Obsada aktorska nawet dobra ,lecz nie ukrywam , że Jason Statham zagrał tam najlepiej. Film po prostu monotonny nic nie daje z siebie. Brak akcji , jedynie początek z Jetem
Li był fajny , a tu pózniej wycięli go z scenariusza lub sam zrezygnował , ale tak czy siak Willis i Schwarzenegger to postacie , które raz są raz ich nie ma , pojawiają się i znikają, jeszcze ten tekst Arnolda : I will back - Jeszcze wrócę . Bruce Willis nawet go zripostował tymi słowami :
Ty ciągle wracasz. Chuck Norris - temu to dopiero dali rolę . W tej wioseczce wybił wszystkich , potem rozmowa ze Stallone , jakiś czas pózniej wraca w centrum handlowym (lotnisko) i pomaga im. Dlaczego w ogóle on wystąpił w tym filmie , może Chuck miało być . albo go do Titanica nie wepchali to w wioseczce i w centrum handlowym musiał wszystkich uratować., a może święta przyszły a Chuck jest w Polsce po sianko i dostał taką głupią rolę , albo czeka aż choinka ubierze się przed nim. No nic głupotą było dać Van Damme na ich wroga. Jeszcze ta końcowa walka , przecież Stallone nie miał szans z nim , bo to mistrz walki. Mogli dać na czarny charakter Stefana Seagala , który w każdym filmie kogoś rozwala a sam jeszcze nigdy nie dostał dzidy . W każdym filmie jest byłym komandosem lub szefem jakieś jednostki to i w Niezniszczalni 3 mógłby zagrać zły charakter. Co do Stallone to się zawiodłem . Pierwsza część była super. . Motyw śmierci tego Billla the Kida był dobry , gdyż oni się zemścili za jego śmierć. I tu dochodzimy do końca mojej oceny , a zarazem największego plusa filmu czyli Jason Statham jako Lee Christmas. Moim zdaniem najlepsza postać w filmie.

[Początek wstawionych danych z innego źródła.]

(* Consider the Hawkes point process with exponentially decaying intensity: points $0\le T_1\le T_2\le\cdots$ with counting process $N(t)=\sum_{i\ge1}\mathbf{1}_{\{0\le T_i<t\}}$ (so $N(0)=0$) and stochastic intensity $$\lambda(t)=\lambda(0)e^{-\beta t}+\sum_{i\ge1}Y_i e^{-\beta(t-T_i)}\mathbf{1}_{\{0\le T_i<t\}},$$ where $Y_i=\beta Z_i$ with $Z_1,Z_2,\dots$ i.i.d. nonnegative with distribution $G$, independent of the points. Fix $\beta>0$ and $G$ with $\rho_1=\int_0^\infty z\,dG(z)$ satisfying $0\le\rho_1<1$, and let $\alpha=\beta(1-\rho_1)$. For $\gamma\in(0,1)$ let $T_\gamma=\inf\{t>0:N(t)\ge\gamma N(+\infty)\}$. Let $n$ be a scaling parameter, take initial intensity $\lambda(0)=\alpha n$ and $\gamma=1-1/n$. Then, as $n\to\infty$, $$\mathbb{E}[T_{1-1/n}\mid\lambda(0)=\alpha n]\le\frac{1}{\alpha}\big(\log(n)+1+o(1)\big).$$
   Context: $N(+\infty)=\lim_{t\to\infty}N(t)$ is the total number of points. Conditioning on $\lambda(0)=\alpha n$ means the process is started with initial intensity $\alpha n$ and no points. *)

theory Defs
  imports "HOL-Probability.Probability"
begin

text \<open>Hawkes process with exponential kernel, built pathwise by the random time change
  construction: given i.i.d. Exp(1) variables e 0, e 1, ... and marks z 0, z 1, ...,
  the (k+1)-th point is the first time after the k-th point at which the compensator
  (the integral of the intensity) has increased by e k.  If this never happens,
  the process has no further points.\<close>

text \<open>Intensity at time u, given the list ps of already constructed points
  (the i-th point, 0-indexed, carries jump size Y = beta * z i).\<close>
definition hawkes_lambda ::
  "real \<Rightarrow> real \<Rightarrow> (nat \<Rightarrow> real) \<Rightarrow> real list \<Rightarrow> real \<Rightarrow> real" where
  "hawkes_lambda \<beta> l0 z ps u =
     l0 * exp (- \<beta> * u)
     + (\<Sum>i<length ps. if 0 \<le> ps ! i \<and> ps ! i < u
                        then \<beta> * z i * exp (- \<beta> * (u - ps ! i)) else 0)"

definition hawkes_next_set ::
  "real \<Rightarrow> real \<Rightarrow> (nat \<Rightarrow> real) \<Rightarrow> real list \<Rightarrow> real \<Rightarrow> real set" where
  "hawkes_next_set \<beta> l0 z ps x =
     (let a = (if ps = [] then 0 else last ps)
      in {t. a \<le> t \<and> x \<le> integral {a..t} (hawkes_lambda \<beta> l0 z ps)})"

fun hawkes_pts ::
  "real \<Rightarrow> real \<Rightarrow> (nat \<Rightarrow> real) \<Rightarrow> (nat \<Rightarrow> real) \<Rightarrow> nat \<Rightarrow> real list" where
  "hawkes_pts \<beta> l0 e z 0 = []"
| "hawkes_pts \<beta> l0 e z (Suc k) =
     (let ps = hawkes_pts \<beta> l0 e z k; S = hawkes_next_set \<beta> l0 z ps (e k)
      in if length ps = k \<and> S \<noteq> {} then ps @ [Inf S] else ps)"

text \<open>T_(i+1) (0-indexed as i); \<infinity> if there is no (i+1)-th point.\<close>
definition hawkes_T ::
  "real \<Rightarrow> real \<Rightarrow> (nat \<Rightarrow> real) \<Rightarrow> (nat \<Rightarrow> real) \<Rightarrow> nat \<Rightarrow> ereal" where
  "hawkes_T \<beta> l0 e z i =
     (let ps = hawkes_pts \<beta> l0 e z (Suc i)
      in if length ps = Suc i then ereal (ps ! i) else \<infinity>)"

definition hawkes_N ::
  "real \<Rightarrow> real \<Rightarrow> (nat \<Rightarrow> real) \<Rightarrow> (nat \<Rightarrow> real) \<Rightarrow> real \<Rightarrow> nat" where
  "hawkes_N \<beta> l0 e z t = card {i. 0 \<le> hawkes_T \<beta> l0 e z i \<and> hawkes_T \<beta> l0 e z i < ereal t}"

definition hawkes_Ninf ::
  "real \<Rightarrow> real \<Rightarrow> (nat \<Rightarrow> real) \<Rightarrow> (nat \<Rightarrow> real) \<Rightarrow> nat" where
  "hawkes_Ninf \<beta> l0 e z = card {i. 0 \<le> hawkes_T \<beta> l0 e z i \<and> hawkes_T \<beta> l0 e z i < \<infinity>}"

text \<open>T_gamma = inf {t > 0. N(t) \<ge> gamma N(+\<infinity>)}, valued in [0,\<infinity>] (inf of empty set = \<infinity>).\<close>
definition hawkes_Tgamma ::
  "real \<Rightarrow> real \<Rightarrow> real \<Rightarrow> (nat \<Rightarrow> real) \<Rightarrow> (nat \<Rightarrow> real) \<Rightarrow> ennreal" where
  "hawkes_Tgamma \<beta> l0 \<gamma> e z =
     Inf {ennreal t | t. 0 < t \<and>
            real (hawkes_N \<beta> l0 e z t) \<ge> \<gamma> * real (hawkes_Ninf \<beta> l0 e z)}"

end

theory Submission
  imports Defs
begin

text \<open>
  Between points the intensity decays exponentially, so the process is a Markov chain of pairs
  (t, y): the last point t and the rescaled intensity y = \<lambda>(t+)/\<beta>. The next Exp(1) variable e
  produces a further point iff e < y, at time t + ln (y / (y - e)) / \<beta>, after which y becomes
  y - e + Z. For \<gamma> \<le> 1, T_\<gamma> is at most the time of the last point, the limit of the times
  t_k of the chain.

  Let \<psi> s = s for s \<le> 1 and \<psi> s = 1 + ln s beyond (lin_log), and \<phi> y = \<psi> (y / (1 - \<rho>1)) / \<alpha>
  (hawkes_potential). Then t + \<phi> y decreases in expectation along the chain: averaging over the
  mark Z uses the concavity of \<psi> and the mean \<rho>1, and averaging over e reduces to an explicit
  integral inequality whose core is (1 - exp (- w)) / w \<le> min 1 (1 / w). Hence
  E t_k \<le> \<phi> (\<lambda>(0) / \<beta>), which for \<lambda>(0) = \<alpha> n is \<psi> n / \<alpha> = (ln n + 1) / \<alpha>, and monotone
  convergence gives the bound with o(1) = 0.
\<close>

section \<open>Chains driven by independent inputs\<close>

lemma (in product_sigma_finite) product_nn_integral_insert2:
  assumes "finite I" "i \<notin> I" "j \<notin> insert i I"
    and f: "f \<in> borel_measurable (PiM (insert j (insert i I)) M)"
  shows "integral\<^sup>N (PiM (insert j (insert i I)) M) f
           = (\<integral>\<^sup>+x. \<integral>\<^sup>+y. \<integral>\<^sup>+z. f (x(i := y, j := z)) \<partial>M j \<partial>M i \<partial>PiM I M)"
proof -
  have "integral\<^sup>N (PiM (insert j (insert i I)) M) f
      = (\<integral>\<^sup>+x. \<integral>\<^sup>+z. f (x(j := z)) \<partial>M j \<partial>PiM (insert i I) M)"
    using assms by (intro product_nn_integral_insert) auto
  also have "\<dots> = (\<integral>\<^sup>+x. \<integral>\<^sup>+y. \<integral>\<^sup>+z. f (x(i := y, j := z)) \<partial>M j \<partial>M i \<partial>PiM I M)"
  proof (rule product_nn_integral_insert)
    have "(\<lambda>(x, z). f (x(j := z))) \<in> borel_measurable (PiM (insert i I) M \<Otimes>\<^sub>M M j)"
      using measurable_comp[OF measurable_add_dim[of j "insert i I" M] f]
      by (simp add: o_def case_prod_beta')
    then show "(\<lambda>x. \<integral>\<^sup>+z. f (x(j := z)) \<partial>M j) \<in> borel_measurable (PiM (insert i I) M)"
      by (rule M.borel_measurable_nn_integral)
  qed (use assms in auto)
  finally show ?thesis .
qed

fun driven_chain :: "('s \<Rightarrow> real \<Rightarrow> real \<Rightarrow> 's) \<Rightarrow> 's \<Rightarrow> (nat \<Rightarrow> real) \<Rightarrow> (nat \<Rightarrow> real) \<Rightarrow> nat \<Rightarrow> 's" where
  "driven_chain f s e z 0 = s"
| "driven_chain f s e z (Suc k) = f (driven_chain f s e z k) (e k) (z k)"

lemma driven_chain_cong:
  "(\<And>j. j < k \<Longrightarrow> e j = e' j) \<Longrightarrow> (\<And>j. j < k \<Longrightarrow> z j = z' j) \<Longrightarrow>
    driven_chain f s e z k = driven_chain f s e' z' k"
  by (induction k) auto

lemma measurable_driven_chain:
  assumes f: "(\<lambda>(s, e, z). f s e z) \<in> S \<Otimes>\<^sub>M borel \<Otimes>\<^sub>M borel \<rightarrow>\<^sub>M S" and s: "s \<in> space S"
    and e: "\<And>j. j < k \<Longrightarrow> (\<lambda>\<omega>. e \<omega> j) \<in> borel_measurable N"
    and z: "\<And>j. j < k \<Longrightarrow> (\<lambda>\<omega>. z \<omega> j) \<in> borel_measurable N"
  shows "(\<lambda>\<omega>. driven_chain f s (e \<omega>) (z \<omega>) k) \<in> N \<rightarrow>\<^sub>M S"
  using e z
proof (induction k)
  case 0
  show ?case using s by simp
next
  case (Suc k)
  have "(\<lambda>\<omega>. (driven_chain f s (e \<omega>) (z \<omega>) k, e \<omega> k, z \<omega> k)) \<in> N \<rightarrow>\<^sub>M S \<Otimes>\<^sub>M borel \<Otimes>\<^sub>M borel"
    using Suc by (intro measurable_Pair) auto
  from measurable_compose[OF this f] show ?case by simp
qed

lemma measurable_driven_chain_PiM:
  assumes f: "(\<lambda>(s, e, z). f s e z) \<in> S \<Otimes>\<^sub>M borel \<Otimes>\<^sub>M borel \<rightarrow>\<^sub>M S" and s: "s \<in> space S"
    and D: "\<And>i. sets (D i) = sets borel" and "k \<le> m"
  shows "(\<lambda>x. driven_chain f s (\<lambda>i. x (Inl i)) (\<lambda>i. x (Inr i)) k) \<in> PiM ({..<m} <+> {..<m}) D \<rightarrow>\<^sub>M S"
proof (rule measurable_driven_chain[OF f s])
  have component: "(\<lambda>x. x i) \<in> borel_measurable (PiM ({..<m} <+> {..<m}) D)"
    if "i \<in> {..<m} <+> {..<m}" for i
    using measurable_component_singleton[OF that, of D] by (simp add: measurable_cong_sets[OF refl D])
  fix j assume "j < k"
  with \<open>k \<le> m\<close> show "(\<lambda>x. x (Inl j)) \<in> borel_measurable (PiM ({..<m} <+> {..<m}) D)"
    and "(\<lambda>x. x (Inr j)) \<in> borel_measurable (PiM ({..<m} <+> {..<m}) D)"
    by (auto intro: component)
qed

lemma nn_integral_PiM_driven_chain_le:
  fixes D :: "nat + nat \<Rightarrow> real measure" and W :: "'s \<Rightarrow> ennreal"
  assumes D: "\<And>i. prob_space (D i)" "\<And>i. sets (D i) = sets borel"
    and f: "(\<lambda>(s, e, z). f s e z) \<in> S \<Otimes>\<^sub>M borel \<Otimes>\<^sub>M borel \<rightarrow>\<^sub>M S" and s: "s \<in> space S"
    and W: "W \<in> borel_measurable S"
    and drift: "\<And>k s. s \<in> space S \<Longrightarrow> (\<integral>\<^sup>+e. \<integral>\<^sup>+z. W (f s e z) \<partial>D (Inr k) \<partial>D (Inl k)) \<le> W s"
  shows "(\<integral>\<^sup>+x. W (driven_chain f s (\<lambda>i. x (Inl i)) (\<lambda>i. x (Inr i)) m) \<partial>PiM ({..<m} <+> {..<m}) D) \<le> W s"
proof (induction m)
  case 0
  have "{..<0} <+> {..<0} = ({} :: (nat + nat) set)" by auto
  then show ?case by (simp only:) (simp add: PiM_empty nn_integral_count_space_finite)
next
  case (Suc m)
  interpret product_sigma_finite D
    using D(1) by (simp add: product_sigma_finite_def prob_space_imp_sigma_finite)
  define C where "C k x = driven_chain f s (\<lambda>i. x (Inl i)) (\<lambda>i. x (Inr i)) k" for k x
  let ?I = "{..<m} <+> {..<m}"
  have I_Suc: "{..<Suc m} <+> {..<Suc m} = insert (Inr m) (insert (Inl m) ?I)" by auto
  have C_meas: "C k \<in> PiM ({..<n} <+> {..<n}) D \<rightarrow>\<^sub>M S" if "k \<le> n" for k n
    unfolding C_def[abs_def] using f s D(2) that by (rule measurable_driven_chain_PiM)
  have "(\<integral>\<^sup>+x. W (C (Suc m) x) \<partial>PiM ({..<Suc m} <+> {..<Suc m}) D)
      = (\<integral>\<^sup>+x. \<integral>\<^sup>+e. \<integral>\<^sup>+z. W (C (Suc m) (x(Inl m := e, Inr m := z))) \<partial>D (Inr m) \<partial>D (Inl m) \<partial>PiM ?I D)"
    using measurable_compose[OF C_meas W, of "Suc m" "Suc m"]
    unfolding I_Suc by (intro product_nn_integral_insert2) auto
  also have "\<dots> \<le> (\<integral>\<^sup>+x. W (C m x) \<partial>PiM ?I D)"
  proof (intro nn_integral_mono)
    fix x assume x: "x \<in> space (PiM ?I D)"
    have "C (Suc m) (x(Inl m := e, Inr m := z)) = f (C m x) e z" for e z
      unfolding C_def by (simp, intro arg_cong[where f = "\<lambda>s. f s e z"] driven_chain_cong) auto
    then show "(\<integral>\<^sup>+e. \<integral>\<^sup>+z. W (C (Suc m) (x(Inl m := e, Inr m := z))) \<partial>D (Inr m) \<partial>D (Inl m))
        \<le> W (C m x)"
      using drift measurable_space[OF C_meas x] by simp
  qed
  finally show ?case using Suc by (simp add: C_def)
qed

lemma (in prob_space) nn_integral_driven_chain_le:
  fixes X :: "nat + nat \<Rightarrow> 'a \<Rightarrow> real" and W :: "'s \<Rightarrow> ennreal"
  assumes indep: "indep_vars (\<lambda>_. borel) X UNIV"
    and f: "(\<lambda>(s, e, z). f s e z) \<in> S \<Otimes>\<^sub>M borel \<Otimes>\<^sub>M borel \<rightarrow>\<^sub>M S" and s: "s \<in> space S"
    and W: "W \<in> borel_measurable S"
    and drift: "\<And>k s. s \<in> space S \<Longrightarrow>
      (\<integral>\<^sup>+e. \<integral>\<^sup>+z. W (f s e z) \<partial>distr M borel (X (Inr k)) \<partial>distr M borel (X (Inl k))) \<le> W s"
  shows "(\<integral>\<^sup>+\<omega>. W (driven_chain f s (\<lambda>k. X (Inl k) \<omega>) (\<lambda>k. X (Inr k) \<omega>) m) \<partial>M) \<le> W s"
proof (cases "m = 0")
  case True
  then show ?thesis by (simp add: emeasure_space_1)
next
  case False
  let ?I = "{..<m} <+> {..<m}"
  let ?X = "\<lambda>\<omega>. \<lambda>i\<in>?I. X i \<omega>"
  define g where "g x = W (driven_chain f s (\<lambda>i. x (Inl i)) (\<lambda>i. x (Inr i)) m)" for x
  have rv: "X i \<in> borel_measurable M" for i
    using indep unfolding indep_vars_def2 by auto
  have "(\<integral>\<^sup>+\<omega>. W (driven_chain f s (\<lambda>k. X (Inl k) \<omega>) (\<lambda>k. X (Inr k) \<omega>) m) \<partial>M) = (\<integral>\<^sup>+\<omega>. g (?X \<omega>) \<partial>M)"
    unfolding g_def by (intro nn_integral_cong arg_cong[where f = W] driven_chain_cong) auto
  also have "\<dots> = (\<integral>\<^sup>+x. g x \<partial>distr M (PiM ?I (\<lambda>_. borel)) ?X)"
    using rv measurable_compose[OF measurable_driven_chain_PiM[OF f s] W]
    by (intro nn_integral_distr[symmetric] measurable_restrict) (auto simp: g_def)
  also have "\<dots> = (\<integral>\<^sup>+x. g x \<partial>PiM ?I (\<lambda>i. distr M borel (X i)))"
    using indep_vars_iff_distr_eq_PiM[where I = ?I and M' = "\<lambda>_. borel" and X = X] rv False
      indep_vars_subset[OF indep]
    by (auto simp: lessThan_empty_iff)
  also have "\<dots> \<le> W s"
    unfolding g_def using f s W drift rv
    by (intro nn_integral_PiM_driven_chain_le) (auto intro: prob_space_distr)
  finally show ?thesis .
qed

Opanowany , a zarazem wybuchowy żołnierz , który umie zadbać o siebie sam i potrafi sam się obronić, choćby walka z napakowanym koleżka Van Damma . Tą postać przez dwie części najbardziej polubiłem. Jason Statham to super aktor i każdy film z jego udziałem to walka , pościgi i szaleństwo (adrenalina 1, 2 , Transporter 1, 2, 3) . Aktor nic dodać i nic ująć. jedyny w swoim rodzaju. Film oceniam 7/10 ze względu na niego. Jeszcze na koniec jeżeli ktoś uważa za akcję wyczyn Chucka Norrisa w wiosce lub walkę Stallone z Van Dame to jego sprawa. O gustach się nie dyskutuje.
Nie myślę tak . Seagal to dekiel. Seagal miałby zginąć w walce z Jetem Li którego praktycznie nie było w filmie.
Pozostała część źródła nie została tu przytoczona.